_Directions_
All lines in the data below carrying the string "unfolding" are to be located and copied.

The records below:

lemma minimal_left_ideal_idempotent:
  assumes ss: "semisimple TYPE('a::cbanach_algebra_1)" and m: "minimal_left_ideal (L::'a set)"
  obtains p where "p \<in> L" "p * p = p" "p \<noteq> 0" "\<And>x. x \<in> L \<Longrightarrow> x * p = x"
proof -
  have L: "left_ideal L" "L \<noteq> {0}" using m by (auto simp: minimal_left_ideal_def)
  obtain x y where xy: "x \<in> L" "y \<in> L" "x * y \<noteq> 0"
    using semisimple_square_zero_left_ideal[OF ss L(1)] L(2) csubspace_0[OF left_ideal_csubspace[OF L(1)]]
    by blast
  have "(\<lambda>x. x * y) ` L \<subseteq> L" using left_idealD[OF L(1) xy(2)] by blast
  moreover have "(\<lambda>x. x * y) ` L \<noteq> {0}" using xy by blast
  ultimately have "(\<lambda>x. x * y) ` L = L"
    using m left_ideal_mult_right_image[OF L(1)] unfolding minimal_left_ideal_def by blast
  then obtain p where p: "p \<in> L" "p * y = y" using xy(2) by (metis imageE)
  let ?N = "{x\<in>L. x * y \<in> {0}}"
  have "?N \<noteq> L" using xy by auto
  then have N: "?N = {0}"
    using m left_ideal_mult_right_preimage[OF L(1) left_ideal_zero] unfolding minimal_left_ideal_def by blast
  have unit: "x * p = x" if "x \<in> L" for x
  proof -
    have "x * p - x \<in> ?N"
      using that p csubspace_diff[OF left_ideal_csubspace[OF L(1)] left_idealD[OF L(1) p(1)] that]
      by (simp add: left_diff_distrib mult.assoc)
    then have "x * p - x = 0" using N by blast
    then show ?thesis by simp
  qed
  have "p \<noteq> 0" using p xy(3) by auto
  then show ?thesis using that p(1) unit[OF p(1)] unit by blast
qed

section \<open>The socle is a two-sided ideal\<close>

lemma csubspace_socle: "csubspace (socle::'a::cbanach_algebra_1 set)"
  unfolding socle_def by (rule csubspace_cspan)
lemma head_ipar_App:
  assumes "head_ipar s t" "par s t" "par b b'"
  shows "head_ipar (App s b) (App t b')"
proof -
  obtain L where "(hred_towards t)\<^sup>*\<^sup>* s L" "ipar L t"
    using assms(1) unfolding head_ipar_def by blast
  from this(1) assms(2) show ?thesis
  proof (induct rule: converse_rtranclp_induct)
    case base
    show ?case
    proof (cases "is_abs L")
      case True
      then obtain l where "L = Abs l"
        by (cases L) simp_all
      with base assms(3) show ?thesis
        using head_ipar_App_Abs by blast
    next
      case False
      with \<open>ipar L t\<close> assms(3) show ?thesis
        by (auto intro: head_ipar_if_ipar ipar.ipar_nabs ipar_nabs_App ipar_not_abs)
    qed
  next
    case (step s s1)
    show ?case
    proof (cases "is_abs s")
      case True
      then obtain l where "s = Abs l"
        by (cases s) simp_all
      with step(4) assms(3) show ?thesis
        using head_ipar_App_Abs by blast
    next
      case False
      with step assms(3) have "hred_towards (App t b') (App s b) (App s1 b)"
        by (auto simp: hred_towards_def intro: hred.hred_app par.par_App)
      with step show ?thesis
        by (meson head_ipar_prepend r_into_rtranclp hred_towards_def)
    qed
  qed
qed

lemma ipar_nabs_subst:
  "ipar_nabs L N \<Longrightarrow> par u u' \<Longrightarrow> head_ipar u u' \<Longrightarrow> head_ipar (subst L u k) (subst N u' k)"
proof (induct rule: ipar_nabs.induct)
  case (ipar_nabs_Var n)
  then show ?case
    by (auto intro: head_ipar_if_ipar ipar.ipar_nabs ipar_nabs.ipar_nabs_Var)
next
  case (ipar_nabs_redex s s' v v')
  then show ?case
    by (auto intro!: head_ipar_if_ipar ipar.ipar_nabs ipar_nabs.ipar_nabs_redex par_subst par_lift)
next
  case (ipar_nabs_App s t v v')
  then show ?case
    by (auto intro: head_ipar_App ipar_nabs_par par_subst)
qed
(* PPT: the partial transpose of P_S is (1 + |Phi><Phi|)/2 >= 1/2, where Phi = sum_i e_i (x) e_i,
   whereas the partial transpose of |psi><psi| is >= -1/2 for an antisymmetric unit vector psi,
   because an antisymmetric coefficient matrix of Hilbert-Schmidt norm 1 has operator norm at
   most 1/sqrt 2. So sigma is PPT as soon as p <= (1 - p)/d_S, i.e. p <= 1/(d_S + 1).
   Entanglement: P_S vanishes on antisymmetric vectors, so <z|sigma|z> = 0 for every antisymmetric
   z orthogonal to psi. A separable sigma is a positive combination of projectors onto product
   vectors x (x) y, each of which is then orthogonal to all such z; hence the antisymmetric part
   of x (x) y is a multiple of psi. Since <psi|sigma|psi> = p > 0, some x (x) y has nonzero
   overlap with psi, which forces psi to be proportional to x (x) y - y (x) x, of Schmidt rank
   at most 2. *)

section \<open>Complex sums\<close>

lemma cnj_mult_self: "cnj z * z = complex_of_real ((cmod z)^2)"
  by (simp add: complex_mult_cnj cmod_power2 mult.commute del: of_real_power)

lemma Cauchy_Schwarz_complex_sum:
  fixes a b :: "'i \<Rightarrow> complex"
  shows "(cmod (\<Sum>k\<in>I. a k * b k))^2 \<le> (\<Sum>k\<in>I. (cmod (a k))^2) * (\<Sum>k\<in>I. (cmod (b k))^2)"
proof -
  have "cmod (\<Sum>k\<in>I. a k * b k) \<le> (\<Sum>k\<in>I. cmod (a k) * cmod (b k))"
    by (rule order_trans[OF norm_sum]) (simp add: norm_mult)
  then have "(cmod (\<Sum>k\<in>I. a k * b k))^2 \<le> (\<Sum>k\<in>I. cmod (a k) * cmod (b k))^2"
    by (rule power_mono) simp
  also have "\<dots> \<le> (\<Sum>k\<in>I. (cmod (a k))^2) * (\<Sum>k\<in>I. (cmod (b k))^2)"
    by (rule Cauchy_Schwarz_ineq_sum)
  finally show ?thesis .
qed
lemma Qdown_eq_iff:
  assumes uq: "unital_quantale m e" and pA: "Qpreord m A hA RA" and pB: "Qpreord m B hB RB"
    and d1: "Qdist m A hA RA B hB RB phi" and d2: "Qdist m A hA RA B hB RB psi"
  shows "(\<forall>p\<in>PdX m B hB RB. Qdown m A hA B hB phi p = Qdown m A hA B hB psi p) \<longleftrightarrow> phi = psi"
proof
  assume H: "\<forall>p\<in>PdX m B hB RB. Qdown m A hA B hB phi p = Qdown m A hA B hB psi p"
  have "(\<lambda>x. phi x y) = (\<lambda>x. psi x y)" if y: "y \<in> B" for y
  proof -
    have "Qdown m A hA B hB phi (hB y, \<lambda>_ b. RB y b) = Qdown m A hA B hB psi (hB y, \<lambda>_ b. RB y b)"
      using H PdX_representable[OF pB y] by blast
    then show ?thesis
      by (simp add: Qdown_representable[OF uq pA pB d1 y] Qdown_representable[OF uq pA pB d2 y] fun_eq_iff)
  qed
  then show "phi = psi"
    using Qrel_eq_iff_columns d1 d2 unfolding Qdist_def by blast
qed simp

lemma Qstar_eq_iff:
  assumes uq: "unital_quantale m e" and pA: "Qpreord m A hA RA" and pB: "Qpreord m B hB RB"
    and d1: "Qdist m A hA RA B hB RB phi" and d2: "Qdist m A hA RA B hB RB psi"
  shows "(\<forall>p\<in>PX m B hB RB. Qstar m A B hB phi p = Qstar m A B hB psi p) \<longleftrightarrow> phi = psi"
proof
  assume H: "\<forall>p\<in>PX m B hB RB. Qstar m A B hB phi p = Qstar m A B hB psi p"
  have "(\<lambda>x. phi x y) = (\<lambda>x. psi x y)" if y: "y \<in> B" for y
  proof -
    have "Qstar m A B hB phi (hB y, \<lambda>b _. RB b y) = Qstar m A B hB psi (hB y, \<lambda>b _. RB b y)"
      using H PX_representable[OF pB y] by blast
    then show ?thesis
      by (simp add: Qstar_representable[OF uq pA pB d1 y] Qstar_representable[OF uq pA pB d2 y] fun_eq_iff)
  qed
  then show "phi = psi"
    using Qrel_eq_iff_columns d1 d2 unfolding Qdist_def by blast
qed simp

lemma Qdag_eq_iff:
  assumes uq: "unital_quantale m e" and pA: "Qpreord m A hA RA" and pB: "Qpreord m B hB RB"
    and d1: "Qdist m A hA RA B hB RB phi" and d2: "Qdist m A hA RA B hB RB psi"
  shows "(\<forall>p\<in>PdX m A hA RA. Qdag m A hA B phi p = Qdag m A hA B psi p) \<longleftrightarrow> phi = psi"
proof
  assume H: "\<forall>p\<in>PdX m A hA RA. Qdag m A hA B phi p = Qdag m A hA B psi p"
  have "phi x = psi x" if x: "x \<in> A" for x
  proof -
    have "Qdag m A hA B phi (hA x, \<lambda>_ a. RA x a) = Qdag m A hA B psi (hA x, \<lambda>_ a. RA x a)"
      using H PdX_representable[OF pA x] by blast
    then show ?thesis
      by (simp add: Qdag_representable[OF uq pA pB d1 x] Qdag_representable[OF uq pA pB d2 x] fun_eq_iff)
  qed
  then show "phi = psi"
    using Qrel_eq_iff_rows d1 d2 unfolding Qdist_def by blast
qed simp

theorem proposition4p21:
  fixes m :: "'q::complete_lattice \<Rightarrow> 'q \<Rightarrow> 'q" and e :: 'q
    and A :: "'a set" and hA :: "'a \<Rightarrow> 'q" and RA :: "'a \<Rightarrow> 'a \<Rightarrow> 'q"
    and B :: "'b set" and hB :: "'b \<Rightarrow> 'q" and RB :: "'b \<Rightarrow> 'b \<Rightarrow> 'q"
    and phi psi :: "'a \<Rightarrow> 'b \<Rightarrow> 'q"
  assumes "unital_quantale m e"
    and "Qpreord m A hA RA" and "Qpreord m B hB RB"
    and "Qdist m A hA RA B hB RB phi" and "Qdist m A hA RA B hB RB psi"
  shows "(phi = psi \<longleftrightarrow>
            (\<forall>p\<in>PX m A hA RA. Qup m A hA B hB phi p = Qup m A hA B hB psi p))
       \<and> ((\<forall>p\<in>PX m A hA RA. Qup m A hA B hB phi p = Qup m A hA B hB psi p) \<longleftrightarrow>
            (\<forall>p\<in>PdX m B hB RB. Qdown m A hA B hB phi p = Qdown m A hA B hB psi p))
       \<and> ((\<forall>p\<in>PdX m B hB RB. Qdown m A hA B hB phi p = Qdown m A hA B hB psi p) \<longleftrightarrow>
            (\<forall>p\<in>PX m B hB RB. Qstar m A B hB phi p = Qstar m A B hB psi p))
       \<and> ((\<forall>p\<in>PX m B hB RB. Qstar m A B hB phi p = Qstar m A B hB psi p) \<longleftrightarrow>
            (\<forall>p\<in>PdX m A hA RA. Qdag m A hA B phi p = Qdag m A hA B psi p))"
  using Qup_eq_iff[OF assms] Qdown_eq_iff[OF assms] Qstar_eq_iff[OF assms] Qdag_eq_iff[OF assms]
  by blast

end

End of The records.

_Task solution_
    using m left_ideal_mult_right_image[OF L(1)] unfolding minimal_left_ideal_def by blast
    using m left_ideal_mult_right_preimage[OF L(1) left_ideal_zero] unfolding minimal_left_ideal_def by blast
  unfolding socle_def by (rule csubspace_cspan)
    using assms(1) unfolding head_ipar_def by blast
    using Qrel_eq_iff_columns d1 d2 unfolding Qdist_def by blast
    using Qrel_eq_iff_columns d1 d2 unfolding Qdist_def by blast
    using Qrel_eq_iff_rows d1 d2 unfolding Qdist_def by blast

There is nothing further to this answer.